WHAT IS EXPECTED: Of the records that follow, copy only the lines from the line containing "using order_sparse_poly_vanishing[OF H(1)" to the line containing "poly (-H * G)", both included, exactly as written.

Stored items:
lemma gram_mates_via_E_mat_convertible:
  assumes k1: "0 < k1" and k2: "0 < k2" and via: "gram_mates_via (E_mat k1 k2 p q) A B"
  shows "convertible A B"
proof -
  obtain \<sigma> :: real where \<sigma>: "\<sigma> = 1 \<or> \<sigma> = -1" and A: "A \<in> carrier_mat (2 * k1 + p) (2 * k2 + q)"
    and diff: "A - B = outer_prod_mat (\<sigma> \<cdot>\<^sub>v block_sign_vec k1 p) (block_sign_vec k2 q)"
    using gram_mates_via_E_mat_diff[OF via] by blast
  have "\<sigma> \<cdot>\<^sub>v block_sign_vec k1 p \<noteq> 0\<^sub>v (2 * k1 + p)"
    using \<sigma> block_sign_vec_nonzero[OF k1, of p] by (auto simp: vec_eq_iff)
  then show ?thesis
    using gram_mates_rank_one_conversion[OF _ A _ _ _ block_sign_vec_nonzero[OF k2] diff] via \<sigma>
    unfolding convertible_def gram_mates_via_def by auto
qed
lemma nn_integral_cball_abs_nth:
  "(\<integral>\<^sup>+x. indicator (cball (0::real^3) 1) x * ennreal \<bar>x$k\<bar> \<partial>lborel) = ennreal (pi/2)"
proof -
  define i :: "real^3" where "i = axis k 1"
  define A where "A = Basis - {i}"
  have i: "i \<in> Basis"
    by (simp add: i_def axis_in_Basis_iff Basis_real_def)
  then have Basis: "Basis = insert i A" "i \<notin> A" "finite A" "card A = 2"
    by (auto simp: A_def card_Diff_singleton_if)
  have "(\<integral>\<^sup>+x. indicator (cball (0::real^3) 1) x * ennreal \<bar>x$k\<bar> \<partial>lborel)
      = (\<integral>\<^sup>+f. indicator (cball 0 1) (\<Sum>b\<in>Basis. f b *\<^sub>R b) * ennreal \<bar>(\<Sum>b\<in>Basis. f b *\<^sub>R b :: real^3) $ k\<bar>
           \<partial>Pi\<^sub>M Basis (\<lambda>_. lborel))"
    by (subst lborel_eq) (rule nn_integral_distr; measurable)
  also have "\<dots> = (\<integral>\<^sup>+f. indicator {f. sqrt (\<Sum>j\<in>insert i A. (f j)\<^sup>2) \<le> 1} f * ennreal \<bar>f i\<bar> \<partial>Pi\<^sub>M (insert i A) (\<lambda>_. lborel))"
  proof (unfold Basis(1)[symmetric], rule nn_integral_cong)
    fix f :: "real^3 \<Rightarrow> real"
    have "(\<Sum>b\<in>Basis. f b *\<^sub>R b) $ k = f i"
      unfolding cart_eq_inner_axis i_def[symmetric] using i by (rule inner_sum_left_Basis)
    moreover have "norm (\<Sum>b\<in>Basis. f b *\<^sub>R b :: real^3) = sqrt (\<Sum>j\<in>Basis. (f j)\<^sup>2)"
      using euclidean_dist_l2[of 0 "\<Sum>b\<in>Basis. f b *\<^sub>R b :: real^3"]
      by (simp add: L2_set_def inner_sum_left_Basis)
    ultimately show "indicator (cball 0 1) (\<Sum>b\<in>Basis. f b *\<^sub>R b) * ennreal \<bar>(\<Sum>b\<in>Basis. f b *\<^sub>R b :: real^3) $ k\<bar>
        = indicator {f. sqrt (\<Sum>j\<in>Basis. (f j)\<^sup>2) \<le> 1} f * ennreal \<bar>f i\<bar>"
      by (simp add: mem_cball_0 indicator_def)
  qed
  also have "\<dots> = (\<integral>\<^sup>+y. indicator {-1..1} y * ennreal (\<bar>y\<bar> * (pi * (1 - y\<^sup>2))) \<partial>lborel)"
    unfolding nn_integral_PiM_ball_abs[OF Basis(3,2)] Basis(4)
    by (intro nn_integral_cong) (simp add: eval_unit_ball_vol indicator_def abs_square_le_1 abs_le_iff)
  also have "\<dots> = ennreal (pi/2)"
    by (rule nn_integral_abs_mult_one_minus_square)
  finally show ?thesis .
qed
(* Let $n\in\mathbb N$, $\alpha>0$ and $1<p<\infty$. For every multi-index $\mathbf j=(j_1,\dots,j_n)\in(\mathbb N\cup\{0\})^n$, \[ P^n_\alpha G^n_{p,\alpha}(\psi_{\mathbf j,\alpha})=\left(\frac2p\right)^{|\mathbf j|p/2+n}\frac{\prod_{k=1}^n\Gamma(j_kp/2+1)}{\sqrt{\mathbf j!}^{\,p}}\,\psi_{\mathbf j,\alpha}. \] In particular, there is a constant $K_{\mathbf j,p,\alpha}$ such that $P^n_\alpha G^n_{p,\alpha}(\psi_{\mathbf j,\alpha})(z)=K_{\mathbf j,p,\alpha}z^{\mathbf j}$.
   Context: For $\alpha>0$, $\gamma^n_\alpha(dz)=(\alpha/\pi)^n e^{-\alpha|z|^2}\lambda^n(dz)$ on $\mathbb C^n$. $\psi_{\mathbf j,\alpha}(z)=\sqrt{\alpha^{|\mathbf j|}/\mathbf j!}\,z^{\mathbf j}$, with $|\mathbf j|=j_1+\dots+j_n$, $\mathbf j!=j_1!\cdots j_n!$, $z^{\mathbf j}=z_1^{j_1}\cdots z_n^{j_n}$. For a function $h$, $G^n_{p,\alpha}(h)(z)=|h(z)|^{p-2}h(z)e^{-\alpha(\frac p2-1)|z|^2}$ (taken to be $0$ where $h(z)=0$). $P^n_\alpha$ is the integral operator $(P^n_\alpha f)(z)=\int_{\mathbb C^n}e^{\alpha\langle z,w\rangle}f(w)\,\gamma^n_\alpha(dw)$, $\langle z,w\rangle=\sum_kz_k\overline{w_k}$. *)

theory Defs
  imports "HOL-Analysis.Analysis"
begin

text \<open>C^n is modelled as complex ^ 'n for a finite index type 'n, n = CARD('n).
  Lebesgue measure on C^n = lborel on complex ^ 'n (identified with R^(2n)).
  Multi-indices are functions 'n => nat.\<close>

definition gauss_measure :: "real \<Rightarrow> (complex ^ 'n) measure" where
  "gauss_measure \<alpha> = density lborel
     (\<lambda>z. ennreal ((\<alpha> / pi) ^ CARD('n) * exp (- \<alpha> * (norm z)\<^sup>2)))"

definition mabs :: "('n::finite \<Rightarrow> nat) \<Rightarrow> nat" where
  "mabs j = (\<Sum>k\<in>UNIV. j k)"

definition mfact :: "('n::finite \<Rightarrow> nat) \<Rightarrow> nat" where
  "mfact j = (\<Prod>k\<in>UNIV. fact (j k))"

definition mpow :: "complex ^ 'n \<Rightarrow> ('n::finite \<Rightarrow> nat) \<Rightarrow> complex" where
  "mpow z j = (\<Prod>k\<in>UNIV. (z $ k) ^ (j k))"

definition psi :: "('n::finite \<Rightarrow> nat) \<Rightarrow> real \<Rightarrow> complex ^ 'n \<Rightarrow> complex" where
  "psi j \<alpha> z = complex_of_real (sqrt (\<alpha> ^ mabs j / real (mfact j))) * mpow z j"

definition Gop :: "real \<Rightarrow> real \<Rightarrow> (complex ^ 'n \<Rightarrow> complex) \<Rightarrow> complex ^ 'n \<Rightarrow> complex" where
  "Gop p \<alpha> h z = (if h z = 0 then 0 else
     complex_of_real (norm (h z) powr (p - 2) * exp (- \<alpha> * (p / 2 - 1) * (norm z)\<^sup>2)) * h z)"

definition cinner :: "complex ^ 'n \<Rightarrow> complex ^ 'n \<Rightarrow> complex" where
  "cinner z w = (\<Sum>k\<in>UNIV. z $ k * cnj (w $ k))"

---

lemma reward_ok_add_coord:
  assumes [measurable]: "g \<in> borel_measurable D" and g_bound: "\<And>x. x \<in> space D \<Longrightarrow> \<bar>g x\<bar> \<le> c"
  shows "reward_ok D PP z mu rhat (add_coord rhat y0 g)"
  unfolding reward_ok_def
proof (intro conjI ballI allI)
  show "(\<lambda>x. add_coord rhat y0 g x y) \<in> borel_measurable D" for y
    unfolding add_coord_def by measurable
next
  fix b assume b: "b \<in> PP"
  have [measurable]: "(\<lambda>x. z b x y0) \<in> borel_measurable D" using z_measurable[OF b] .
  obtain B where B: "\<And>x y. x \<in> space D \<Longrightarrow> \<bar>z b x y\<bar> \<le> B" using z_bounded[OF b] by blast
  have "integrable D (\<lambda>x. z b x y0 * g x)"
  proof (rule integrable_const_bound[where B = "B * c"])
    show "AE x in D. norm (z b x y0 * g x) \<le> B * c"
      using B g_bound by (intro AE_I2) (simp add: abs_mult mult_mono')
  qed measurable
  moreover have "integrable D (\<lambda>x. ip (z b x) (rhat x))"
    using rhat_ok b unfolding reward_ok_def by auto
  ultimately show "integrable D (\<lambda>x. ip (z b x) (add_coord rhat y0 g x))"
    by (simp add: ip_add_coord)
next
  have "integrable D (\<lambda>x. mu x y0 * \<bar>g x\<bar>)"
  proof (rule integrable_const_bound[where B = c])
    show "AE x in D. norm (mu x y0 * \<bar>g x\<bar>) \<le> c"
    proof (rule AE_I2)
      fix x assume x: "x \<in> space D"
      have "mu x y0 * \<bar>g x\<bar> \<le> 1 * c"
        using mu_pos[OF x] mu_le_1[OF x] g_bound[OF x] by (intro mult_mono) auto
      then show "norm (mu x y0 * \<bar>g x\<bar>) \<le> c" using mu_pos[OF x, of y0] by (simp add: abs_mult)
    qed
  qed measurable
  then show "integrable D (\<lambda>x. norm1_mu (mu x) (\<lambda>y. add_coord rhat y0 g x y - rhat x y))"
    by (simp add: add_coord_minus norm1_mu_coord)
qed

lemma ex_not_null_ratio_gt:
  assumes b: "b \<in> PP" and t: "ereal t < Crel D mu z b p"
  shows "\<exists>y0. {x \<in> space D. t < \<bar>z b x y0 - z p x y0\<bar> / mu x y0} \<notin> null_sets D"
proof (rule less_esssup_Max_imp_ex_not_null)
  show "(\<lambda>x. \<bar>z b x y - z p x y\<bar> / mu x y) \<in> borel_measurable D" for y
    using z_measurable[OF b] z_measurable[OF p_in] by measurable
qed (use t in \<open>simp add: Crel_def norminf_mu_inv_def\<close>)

--

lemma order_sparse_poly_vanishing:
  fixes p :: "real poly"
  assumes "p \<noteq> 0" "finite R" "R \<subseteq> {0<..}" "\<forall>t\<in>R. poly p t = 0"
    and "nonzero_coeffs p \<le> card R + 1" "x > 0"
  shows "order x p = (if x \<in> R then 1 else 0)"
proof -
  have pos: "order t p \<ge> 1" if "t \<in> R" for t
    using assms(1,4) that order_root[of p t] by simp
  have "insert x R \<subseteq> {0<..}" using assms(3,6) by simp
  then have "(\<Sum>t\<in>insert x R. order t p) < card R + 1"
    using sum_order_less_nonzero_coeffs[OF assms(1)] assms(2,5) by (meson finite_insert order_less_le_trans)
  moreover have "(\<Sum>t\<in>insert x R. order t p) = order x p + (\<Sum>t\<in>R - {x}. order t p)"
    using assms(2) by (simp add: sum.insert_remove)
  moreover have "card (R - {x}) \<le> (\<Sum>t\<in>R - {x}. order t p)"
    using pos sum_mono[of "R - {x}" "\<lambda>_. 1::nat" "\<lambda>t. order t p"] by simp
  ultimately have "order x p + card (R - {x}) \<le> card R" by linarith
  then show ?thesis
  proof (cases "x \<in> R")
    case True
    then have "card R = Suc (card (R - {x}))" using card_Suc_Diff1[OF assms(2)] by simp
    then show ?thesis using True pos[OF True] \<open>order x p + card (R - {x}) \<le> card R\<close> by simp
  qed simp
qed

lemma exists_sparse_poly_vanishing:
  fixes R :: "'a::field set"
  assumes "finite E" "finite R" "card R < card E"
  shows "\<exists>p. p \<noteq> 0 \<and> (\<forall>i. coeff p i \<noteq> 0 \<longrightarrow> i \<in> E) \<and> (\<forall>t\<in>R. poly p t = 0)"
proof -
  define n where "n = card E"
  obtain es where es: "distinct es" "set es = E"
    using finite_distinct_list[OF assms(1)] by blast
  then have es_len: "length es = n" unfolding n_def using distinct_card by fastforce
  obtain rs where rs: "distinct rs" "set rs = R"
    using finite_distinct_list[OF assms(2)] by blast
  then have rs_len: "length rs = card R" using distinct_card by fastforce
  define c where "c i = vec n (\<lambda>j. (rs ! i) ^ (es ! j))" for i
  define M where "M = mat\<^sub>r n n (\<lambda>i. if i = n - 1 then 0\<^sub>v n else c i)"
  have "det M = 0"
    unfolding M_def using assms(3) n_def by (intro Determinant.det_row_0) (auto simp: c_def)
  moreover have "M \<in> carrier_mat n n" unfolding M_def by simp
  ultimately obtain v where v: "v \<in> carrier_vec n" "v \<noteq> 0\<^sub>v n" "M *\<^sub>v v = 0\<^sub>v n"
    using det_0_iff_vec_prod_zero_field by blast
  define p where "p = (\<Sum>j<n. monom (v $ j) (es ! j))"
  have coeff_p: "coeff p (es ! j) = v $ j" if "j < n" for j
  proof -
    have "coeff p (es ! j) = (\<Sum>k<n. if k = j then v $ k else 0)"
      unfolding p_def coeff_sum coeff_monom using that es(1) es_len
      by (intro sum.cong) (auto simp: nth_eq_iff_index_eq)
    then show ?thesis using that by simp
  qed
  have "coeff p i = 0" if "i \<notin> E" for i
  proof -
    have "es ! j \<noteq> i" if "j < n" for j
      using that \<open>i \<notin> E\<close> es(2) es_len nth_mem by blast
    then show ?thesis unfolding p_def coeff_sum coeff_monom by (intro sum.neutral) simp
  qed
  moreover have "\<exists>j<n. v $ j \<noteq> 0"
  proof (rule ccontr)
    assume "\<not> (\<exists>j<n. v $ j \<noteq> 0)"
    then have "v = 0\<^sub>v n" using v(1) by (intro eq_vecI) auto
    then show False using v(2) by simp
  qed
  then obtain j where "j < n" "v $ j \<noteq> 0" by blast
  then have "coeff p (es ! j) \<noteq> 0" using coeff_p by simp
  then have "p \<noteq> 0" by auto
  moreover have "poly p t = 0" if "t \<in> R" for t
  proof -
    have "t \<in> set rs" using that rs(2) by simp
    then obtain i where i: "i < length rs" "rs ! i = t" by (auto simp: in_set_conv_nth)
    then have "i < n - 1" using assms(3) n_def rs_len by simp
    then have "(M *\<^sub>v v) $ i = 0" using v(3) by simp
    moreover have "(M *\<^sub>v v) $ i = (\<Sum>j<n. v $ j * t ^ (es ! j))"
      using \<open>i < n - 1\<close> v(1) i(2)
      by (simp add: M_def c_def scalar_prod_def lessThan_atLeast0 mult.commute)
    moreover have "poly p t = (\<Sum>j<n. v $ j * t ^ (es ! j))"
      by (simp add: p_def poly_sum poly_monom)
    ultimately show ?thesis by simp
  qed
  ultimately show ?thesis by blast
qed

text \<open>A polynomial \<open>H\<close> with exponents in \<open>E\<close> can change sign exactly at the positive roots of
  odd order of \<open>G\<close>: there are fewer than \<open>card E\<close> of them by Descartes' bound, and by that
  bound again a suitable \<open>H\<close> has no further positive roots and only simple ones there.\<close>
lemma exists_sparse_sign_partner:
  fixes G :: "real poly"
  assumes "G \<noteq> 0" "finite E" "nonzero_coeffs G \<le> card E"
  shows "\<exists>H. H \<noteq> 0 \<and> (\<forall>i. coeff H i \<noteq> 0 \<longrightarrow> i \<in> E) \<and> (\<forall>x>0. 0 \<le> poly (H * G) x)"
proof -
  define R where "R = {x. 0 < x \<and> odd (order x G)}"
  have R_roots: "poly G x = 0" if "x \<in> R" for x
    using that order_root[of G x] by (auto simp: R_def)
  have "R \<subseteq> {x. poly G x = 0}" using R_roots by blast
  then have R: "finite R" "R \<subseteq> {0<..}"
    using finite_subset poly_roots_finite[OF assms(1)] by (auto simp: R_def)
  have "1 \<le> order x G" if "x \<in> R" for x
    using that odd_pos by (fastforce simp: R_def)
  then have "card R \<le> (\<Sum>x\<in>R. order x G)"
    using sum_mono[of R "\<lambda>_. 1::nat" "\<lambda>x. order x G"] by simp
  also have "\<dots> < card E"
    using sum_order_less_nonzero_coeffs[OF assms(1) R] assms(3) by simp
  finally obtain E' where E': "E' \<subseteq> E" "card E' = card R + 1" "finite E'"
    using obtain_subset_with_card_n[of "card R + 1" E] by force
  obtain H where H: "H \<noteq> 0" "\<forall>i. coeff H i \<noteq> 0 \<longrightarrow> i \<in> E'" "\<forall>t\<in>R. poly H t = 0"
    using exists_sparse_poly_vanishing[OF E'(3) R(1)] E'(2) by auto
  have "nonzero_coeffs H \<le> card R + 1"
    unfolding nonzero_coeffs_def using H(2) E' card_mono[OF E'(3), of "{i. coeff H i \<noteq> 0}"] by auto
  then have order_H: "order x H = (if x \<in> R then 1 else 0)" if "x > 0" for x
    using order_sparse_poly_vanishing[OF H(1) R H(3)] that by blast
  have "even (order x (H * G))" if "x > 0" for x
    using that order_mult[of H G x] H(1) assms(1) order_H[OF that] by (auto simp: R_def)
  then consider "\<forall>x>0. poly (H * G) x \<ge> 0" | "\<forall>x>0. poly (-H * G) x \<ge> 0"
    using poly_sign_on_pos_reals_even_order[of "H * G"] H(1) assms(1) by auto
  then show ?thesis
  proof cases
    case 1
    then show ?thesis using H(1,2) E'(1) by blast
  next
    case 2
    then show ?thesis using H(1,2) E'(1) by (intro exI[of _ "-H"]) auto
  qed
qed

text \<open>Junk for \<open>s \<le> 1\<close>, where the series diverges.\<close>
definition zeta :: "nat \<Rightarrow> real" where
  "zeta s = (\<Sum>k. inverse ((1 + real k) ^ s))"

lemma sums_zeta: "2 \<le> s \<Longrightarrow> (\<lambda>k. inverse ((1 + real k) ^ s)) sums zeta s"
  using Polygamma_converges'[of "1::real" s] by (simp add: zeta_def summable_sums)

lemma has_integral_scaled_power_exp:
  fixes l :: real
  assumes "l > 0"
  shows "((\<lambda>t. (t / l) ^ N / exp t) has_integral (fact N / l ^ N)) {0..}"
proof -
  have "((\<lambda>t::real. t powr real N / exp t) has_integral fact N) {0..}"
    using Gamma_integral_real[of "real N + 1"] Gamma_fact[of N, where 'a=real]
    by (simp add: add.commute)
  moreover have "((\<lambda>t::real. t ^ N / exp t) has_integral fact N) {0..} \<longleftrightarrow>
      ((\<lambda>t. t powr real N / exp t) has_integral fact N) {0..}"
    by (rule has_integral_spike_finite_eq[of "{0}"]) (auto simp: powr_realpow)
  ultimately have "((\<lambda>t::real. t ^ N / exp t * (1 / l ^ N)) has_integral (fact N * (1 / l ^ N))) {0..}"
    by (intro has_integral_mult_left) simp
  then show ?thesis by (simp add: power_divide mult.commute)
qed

YOUR RESPONSE:
    using order_sparse_poly_vanishing[OF H(1) R H(3)] that by blast
  have "even (order x (H * G))" if "x > 0" for x
    using that order_mult[of H G x] H(1) assms(1) order_H[OF that] by (auto simp: R_def)
  then consider "\<forall>x>0. poly (H * G) x \<ge> 0" | "\<forall>x>0. poly (-H * G) x \<ge> 0"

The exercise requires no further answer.